How to continue scraping the next URL if one URL is return a 404 when using IronWebScraper

228 Views Asked by At

I'm building a small scraper that navigates through a set of URL.

Currently I've something like:

public class MyScraper: WebScraper{
    private Queue<String> _urlToParse = new Queue<String>();

    public override void Init(){
        //Initializing _urlToParse with more than 1000 URLs
        Request(_urlToParse.Dequeue(), Parse);
    }
    
    public override void Parse(Response response){
        if(response.WasSuccessful){
            //...Parsing
        }else{
            //logging error
        }
        
        Request(_urlToParse.Dequeue(), Parse);
    }
}

But the Parse Method isn't called when I receive a 404 error.

Consequence:

  1. I cannot log the error(and when Going out the first Request call, I've no way to know if it has been successfull
  2. The next URL is not parsed

I was thinking that I would go to the Parse method with response.WasSuccessful = false and then be able to check the status code.

How should I do to handle this 404?

1

There are 1 best solutions below

5
David Specht On

The only way I could find to log the failed Url is to override the Log(string Message, LogLevel Type) method. There doesn't appear to be a good reason to have response.WasSuccessful. As you said it only appears to call Parse() when it is succesful.

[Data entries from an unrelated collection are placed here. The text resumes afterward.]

lemma prox_objective_has_minimizer:
  obtains q where "q \<in> edom g" "\<And>z. z \<in> edom g \<Longrightarrow> prox_objective v q \<le> prox_objective v z"
proof -
  let ?\<phi> = "prox_objective v"
  obtain z0 where z0: "z0 \<in> edom g"
    using proper by (auto simp: proper_fun_def edom_def)
  obtain C where coercive: "\<And>z. z \<in> edom g \<Longrightarrow> (norm (z - z0))\<^sup>2 / 8 - C \<le> ?\<phi> z"
    using prox_objective_coercive[OF z0, of v] by blast
  define m where "m = Inf (?\<phi> ` edom g)"
  have "bdd_below (?\<phi> ` edom g)"
    using coercive by (intro bdd_belowI[of _ "- C"]) (smt (verit) image_iff zero_le_power2 divide_nonneg_pos)
  then have m_le: "\<And>z. z \<in> edom g \<Longrightarrow> m \<le> ?\<phi> z"
    unfolding m_def by (auto intro: cInf_lower)
  have "\<exists>z. z \<in> edom g \<and> ?\<phi> z < m + 1 / real (Suc k)" for k
    using cInf_lessD[of "?\<phi> ` edom g" "m + 1 / real (Suc k)"] z0 unfolding m_def by auto
  then obtain zs where zs: "\<And>k. zs k \<in> edom g" "\<And>k. ?\<phi> (zs k) < m + 1 / real (Suc k)"
    by metis
  have "zs k \<in> cball z0 (sqrt (8 * (?\<phi> z0 + 1 + C)))" for k
  proof -
    have "1 / real (Suc k) \<le> 1"
      by simp
    then have "?\<phi> (zs k) \<le> ?\<phi> z0 + 1"
      using zs(2)[of k] m_le[OF z0] by linarith
    then have "(norm (z0 - zs k))\<^sup>2 \<le> 8 * (?\<phi> z0 + 1 + C)"
      using coercive[OF zs(1), of k] by (simp add: norm_minus_commute)
    then show ?thesis
      by (simp add: dist_norm real_le_rsqrt)
  qed
  then have "bounded (range zs)"
    by (intro bounded_subset[OF bounded_cball]) blast
  then obtain q \<sigma> where \<sigma>: "strict_mono \<sigma>" and zs_lim: "(\<lambda>j. zs (\<sigma> j)) \<longlonglongrightarrow> q"
    using bounded_imp_convergent_subsequence unfolding o_def by blast
  have "(\<lambda>j. ?\<phi> (zs (\<sigma> j))) \<longlonglongrightarrow> m"
  proof (rule tendsto_sandwich[OF always_eventually always_eventually])
    show "\<forall>j. m \<le> ?\<phi> (zs (\<sigma> j))"
      using m_le zs(1) by blast
    show "\<forall>j. ?\<phi> (zs (\<sigma> j)) \<le> m + 1 / real (Suc (\<sigma> j))"
      using zs(2) less_imp_le by blast
    have "(\<lambda>j. 1 / real (Suc (\<sigma> j))) \<longlonglongrightarrow> 0"
      using LIMSEQ_subseq_LIMSEQ[OF LIMSEQ_Suc[OF lim_1_over_n] \<sigma>] by (simp add: o_def)
    then show "(\<lambda>j. m + 1 / real (Suc (\<sigma> j))) \<longlonglongrightarrow> m"
      using tendsto_add[OF tendsto_const, of _ 0 _ m] by simp
  qed simp
  then have "q \<in> edom g \<and> ?\<phi> q \<le> m"
    using zs(1) zs_lim by (intro prox_objective_lower_semicontinuous)
  with m_le show thesis
    by (meson order_trans that)
qed

lemma prox_minimizes_prox_objective:
  shows "prox v \<in> edom g" and "\<And>z. z \<in> edom g \<Longrightarrow> prox_objective v (prox v) \<le> prox_objective v z"
proof -
  let ?\<phi> = "prox_objective v"
  define P where "P q \<longleftrightarrow> (\<forall>z. ereal (1 / L) * g q + ereal ((norm (q - v))\<^sup>2 / 2)
                           \<le> ereal (1 / L) * g z + ereal ((norm (z - v))\<^sup>2 / 2))" for q
  have scaled: "ereal (1 / L) * g z + ereal ((norm (z - v))\<^sup>2 / 2)
      = (if z \<in> edom g then ereal (?\<phi> z) else \<infinity>)" for z
  proof (cases "z \<in> edom g")
    case True
    then obtain r where "g z = ereal r"
      using proper_fun_finite_on_edom[OF proper] by blast
    with True show ?thesis
      by (simp add: prox_objective_def)
  next
    case False
    then show ?thesis
      using L_pos by (simp add: edom_def)
  qed
  obtain q where q: "q \<in> edom g" "\<And>z. z \<in> edom g \<Longrightarrow> ?\<phi> q \<le> ?\<phi> z"
    using prox_objective_has_minimizer[of v] by blast
  have P_iff: "P p \<longleftrightarrow> p \<in> edom g \<and> (\<forall>z\<in>edom g. ?\<phi> p \<le> ?\<phi> z)" for p
    using q(1) by (auto simp: P_def scaled)
  have "\<exists>!p. P p"
  proof (rule ex1I[of P q])
    show "P q"
      using q by (simp add: P_iff)
    fix p
    assume "P p"
    then have p: "p \<in> edom g" "\<And>z. z \<in> edom g \<Longrightarrow> ?\<phi> p \<le> ?\<phi> z"
      by (auto simp: P_iff)
    have "?\<phi> p + (norm (q - p))\<^sup>2 / 2 \<le> ?\<phi> q" "?\<phi> q \<le> ?\<phi> p"
      using prox_objective_minimizer_growth[OF p q(1)] q(2)[OF p(1)] by auto
    then have "(norm (q - p))\<^sup>2 \<le> 0"
      by linarith
    then show "p = q"
      by simp
  qed
  then have "P (prox v)"
    unfolding Prox_def P_def by (rule theI')
  then show "prox v \<in> edom g" "\<And>z. z \<in> edom g \<Longrightarrow> ?\<phi> (prox v) \<le> ?\<phi> z"
    by (auto simp: P_iff)
qed

lemma prox_variational_inequality:
  assumes "z \<in> edom g"
  shows "real_of_ereal (g (prox v)) + L * ((v - prox v) \<bullet> (z - prox v)) \<le> real_of_ereal (g z)"
proof -
  let ?p = "prox v"
  have "prox_objective v ?p + (norm (z - ?p))\<^sup>2 / 2 \<le> prox_objective v z"
    by (rule prox_objective_minimizer_growth[OF prox_minimizes_prox_objective assms])
  moreover have "2 * ((v - ?p) \<bullet> (z - ?p)) = (norm (?p - v))\<^sup>2 + (norm (z - ?p))\<^sup>2 - (norm (z - v))\<^sup>2"
    using dot_norm_neg[of "v - ?p" "z - ?p"] by (simp add: norm_minus_commute)
  ultimately have "real_of_ereal (g ?p) / L + (v - ?p) \<bullet> (z - ?p) \<le> real_of_ereal (g z) / L"
    unfolding prox_objective_def by linarith
  then have "L * (real_of_ereal (g ?p) / L + (v - ?p) \<bullet> (z - ?p)) \<le> L * (real_of_ereal (g z) / L)"
    using L_pos by (intro mult_left_mono) auto
  then show ?thesis
    using L_pos by (simp add: distrib_left)
qed

end

section \<open>The proximal gradient step for a difference of convex functions\<close>

locale dc_composite = closed_convex_fun g for g :: "'a::euclidean_space \<Rightarrow> ereal" +
  fixes f1 f2 :: "'a \<Rightarrow> real" and Df1 Df2 :: "'a \<Rightarrow> 'a" and L l :: real
  assumes f1_convex: "convex_on UNIV f1"
    and f1_deriv: "\<And>z. (f1 has_derivative (\<lambda>h. Df1 z \<bullet> h)) (at z)"
    and f2_convex: "convex_on UNIV f2"
    and f2_deriv: "\<And>z. (f2 has_derivative (\<lambda>h. Df2 z \<bullet> h)) (at z)"
    and Df1_lipschitz: "\<And>u v. norm (Df1 u - Df1 v) \<le> L * norm (u - v)"
    and Df2_lipschitz: "\<And>u v. norm (Df2 u - Df2 v) \<le> l * norm (u - v)"
    and L_pos: "L > 0" and l_nonneg: "l \<ge> 0"
    and min_attained: "\<exists>xs. \<forall>z. ereal (f1 xs - f2 xs) + g xs \<le> ereal (f1 z - f2 z) + g z"
begin
lemma wirt_hermitian_metric_comp:
  assumes h: "hermitian_metric_on U h" and Fw: "F w \<in> U" and F: "\<And>k. holo_at (\<lambda>u. F u $ k) w"
  shows "wirt j (\<lambda>u. h (F u) $ a $ b) w
     = (\<Sum>c\<in>UNIV. (\<Sum>m\<in>UNIV. holo_jacobian F w $ m $ j * chern_Gamma h a m c (F w)) * h (F w) $ c $ b)"
proof -
  have "wirt j (\<lambda>u. h (F u) $ a $ b) w
      = (\<Sum>m\<in>UNIV. holo_jacobian F w $ m $ j * (\<Sum>c\<in>UNIV. chern_Gamma h a m c (F w) * h (F w) $ c $ b))"
    using wirt_chain[of F w "\<lambda>z. h z $ a $ b" j, OF F hermitian_metric_differentiable[OF h Fw]]
    by (simp add: holo_jacobian_def wirt_hermitian_metric[OF h Fw])
  also have "\<dots> = (\<Sum>c\<in>UNIV. (\<Sum>m\<in>UNIV. holo_jacobian F w $ m $ j * chern_Gamma h a m c (F w)) * h (F w) $ c $ b)"
    by (simp only: sum_distrib_left sum_distrib_right mult.assoc) (rule sum.swap)
  finally show ?thesis .
qed

lemma wirt_pullback_metric:
  assumes h: "hermitian_metric_on U h" and Fw: "F w \<in> U" and F: "holo2_at F w"
  shows "wirt j (\<lambda>u. pullback_metric F h u $ i $ l) w
     = (\<Sum>b\<in>UNIV. (\<Sum>c\<in>UNIV. pushed_Gamma F h i j c w * h (F w) $ c $ b) * cnj (holo_jacobian F w $ b $ l))"
proof -
  define J where "J = holo_jacobian F"
  define Y where "Y a c = (\<Sum>m\<in>UNIV. J w $ m $ j * chern_Gamma h a m c (F w))" for a c
  have FJ: "\<And>k. holo_at (\<lambda>u. F u $ k) w" "\<And>k i. holo_at (\<lambda>u. J u $ k $ i) w"
    using F by (simp_all add: holo2_at_def J_def)
  have "F differentiable (at w)"
    using has_derivative_holo_jacobian[OF FJ(1)] by (auto simp: differentiable_def)
  then have hF: "(\<lambda>u. h (F u) $ a $ b) differentiable (at w)" for a b
    using differentiable_chain_at[of F w "\<lambda>z. h z $ a $ b"] hermitian_metric_differentiable[OF h Fw]
    by (simp add: o_def)
  have cJ: "(\<lambda>u. cnj (J u $ k $ i)) differentiable (at w)" for k i
    using differentiable_compose[OF bounded_linear_imp_differentiable[OF bounded_linear_cnj]
        holo_at_imp_differentiable[OF FJ(2)]] by blast
  have "wirt j (\<lambda>u. pullback_metric F h u $ i $ l) w
      = (\<Sum>b\<in>UNIV. (\<Sum>a\<in>UNIV. wirt j (\<lambda>u. J u $ a $ i) w * h (F w) $ a $ b
          + J w $ a $ i * (\<Sum>c\<in>UNIV. Y a c * h (F w) $ c $ b)) * cnj (J w $ b $ l))"
    unfolding pullback_metric_eq J_def[symmetric] Y_def
    using FJ hF cJ wirt_hermitian_metric_comp[OF h Fw FJ(1)]
    by (simp add: wirt_sum wirt_mult holo_at_imp_differentiable wirt_cnj_holo_at J_def)
  moreover have "(\<Sum>a\<in>UNIV. J w $ a $ i * (\<Sum>c\<in>UNIV. Y a c * h (F w) $ c $ b))
      = (\<Sum>c\<in>UNIV. (\<Sum>a\<in>UNIV. J w $ a $ i * Y a c) * h (F w) $ c $ b)" for b
    unfolding Y_def by (simp only: sum_distrib_left sum_distrib_right mult.assoc) (rule sum.swap)
  ultimately show ?thesis
    by (simp add: pushed_Gamma_def J_def Y_def sum.distrib distrib_right sum_distrib_left mult.assoc)
qed
(* Let $1\le d<\omega$, $2\le k<\omega$, and let $P$ be a $d$-dimensional $k$-template. Then $\chi(L(\mathbb R^d,P))^{+(d-1)}\ge 2^{\aleph_0}$.
   Context: A $d$-dimensional $k$-template is a set $P$ of $d$-tuples with $|P|=k$. If $P,Q$ are $d$-dimensional templates, $Q$ is a homomorphic image of $P$ if there is a surjection $f:P\to Q$ such that for all $x,y\in P$ and $i<d$, $x_i=y_i$ implies $f(x)_i=f(y)_i$. $L(\mathbb R^d,P)$ is the $k$-hypergraph with vertex set $\mathbb R^d$ whose edges are the $k$-templates $Q\subseteq\mathbb R^d$ that are homomorphic images of $P$. $\chi$ is the chromatic number (least cardinal number of colors in a vertex coloring not constant on any edge). $\kappa^+$ is the successor cardinal, $\kappa^{+0}=\kappa$, $\kappa^{+(n+1)}=(\kappa^{+n})^+$. *)

theory Defs
  imports Complex_Main
begin

definition Rd :: "nat \<Rightarrow> real list set" where
  "Rd d = {x. length x = d}"

definition template :: "nat \<Rightarrow> nat \<Rightarrow> 'a list set \<Rightarrow> bool" where
  "template d k P \<longleftrightarrow> finite P \<and> card P = k \<and> (\<forall>x\<in>P. length x = d)"

definition hom_image :: "nat \<Rightarrow> 'a list set \<Rightarrow> 'b list set \<Rightarrow> bool" where
  "hom_image d P Q \<longleftrightarrow> (\<exists>f. f ` P = Q \<and>
      (\<forall>x\<in>P. \<forall>y\<in>P. \<forall>i<d. x ! i = y ! i \<longrightarrow> f x ! i = f y ! i))"

definition L_edges :: "nat \<Rightarrow> 'a list set \<Rightarrow> real list set set" where
  "L_edges d P = {Q. Q \<subseteq> Rd d \<and> template d (card P) Q \<and> hom_image d P Q}"

definition proper_coloring :: "'v set set \<Rightarrow> ('v \<Rightarrow> 'c) \<Rightarrow> bool" where
  "proper_coloring E f \<longleftrightarrow> (\<forall>e\<in>E. \<not> (\<exists>c. \<forall>x\<in>e. f x = c))"

text \<open>Chromatic number of the hypergraph (V,E): the least cardinal |f ` V| over
  proper colourings f with colours from the type 'c (represented as a cardinal
  order relation on a subset of 'c).\<close>
definition chromatic_number :: "'v set \<Rightarrow> 'v set set \<Rightarrow> 'c rel" where
  "chromatic_number V E = (SOME r. (\<exists>f::'v \<Rightarrow> 'c. proper_coloring E f \<and> r = card_of (f ` V)) \<and>
       (\<forall>f::'v \<Rightarrow> 'c. proper_coloring E f \<longrightarrow> (r, card_of (f ` V)) \<in> ordLeq))"

text \<open>Cardinal successor realised inside the type 'a, capped at |UNIV::'a set|
  (the successor is realised up to isomorphism if it fits into 'a, otherwise
  the cap |UNIV| is returned).\<close>
definition cardSuc_cap :: "'a rel \<Rightarrow> 'a rel" where
  "cardSuc_cap r = (if \<exists>s::'a rel. Card_order s \<and> (s, cardSuc r) \<in> ordIso
      then (SOME s::'a rel. Card_order s \<and> (s, cardSuc r) \<in> ordIso) else card_of (UNIV :: 'a set))"

definition cardSuc_iter :: "nat \<Rightarrow> 'a rel \<Rightarrow> 'a rel" where
  "cardSuc_iter n r = (cardSuc_cap ^^ n) r"

end

theory Submission
  imports Defs "HOL-Analysis.Abstract_Topology_2"
begin

text \<open>
  Let f be a proper colouring of L(R^d, P) with colour set C, and let k = m + 1. Suppose the
  sets of reals A_0, ..., A_(d-1) are so large that |A_j| exceeds m times the number of pairs
  of a colour and a choice of k-element sets S_i in A_i for all i < j. Induction on the number
  of coordinates, with the pigeonhole principle in the last one, yields k-element sets S_j in
  A_j such that f is constant on the box S_0 x ... x S_(d-1). Every coordinate projection of P
  has at most k values, so the box contains a homomorphic image of P, contradicting properness.
  Such sets exist: finite ones of rapidly growing size if C is finite, and sets of size
  |C|^(+(j+1)) if C is infinite and |C|^(+(d-1)) is below the continuum.
\<close>

unbundle cardinal_syntax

public class MyScraper : WebScraper
{
    private Queue<string> _urlToParse = new Queue<string>();

    public override void Init()
    {
        _urlToParse.Enqueue("https://stackoverflow.com/");
        _urlToParse.Enqueue("https://stackoverflow.com/nothing");
        _urlToParse.Enqueue("https://google.com/");

        Request(_urlToParse.Dequeue(), Parse); 
    }

    public override void Parse(Response response)
    {            
        Console.WriteLine("Handeling response");

        if (_urlToParse.Count > 0)
        {
            Request(_urlToParse.Dequeue(), Parse);
        }            
    }

    public override void Log(string Message, LogLevel Type)
    {
        if (Type.HasFlag(LogLevel.Critical) & Message.StartsWith("Url failed permanently"))
        {
            Console.WriteLine($"Logging failed Url: {Message}");

            if (_urlToParse.Count > 0)
            {
                Request(_urlToParse.Dequeue(), Parse);
            }
        }
    }
}

Another option is it appears that WebScraper has a MaxHttpConnectionLimit that you could use to make sure it was only opening one connection at a time.

public class MyScraper : WebScraper
{
    public override void Init()
    {
        MaxHttpConnectionLimit = 1;

        var urls = new string[]
        {
            "https://stackoverflow.com/",
            "https://stackoverflow.com/nothing",
            "https://google.com/"
        };

        Request(urls, Parse); 
    }

    public override void Parse(Response response)
    {            
        Console.WriteLine("Handeling response");
    }

    public override void Log(string Message, LogLevel Type)
    {
        if (Type.HasFlag(LogLevel.Critical) & Message.StartsWith("Url failed permanently"))
        {
            Console.WriteLine($"Logging failed Url: {Message}");
        }

        base.Log(Message, Type);
    }
}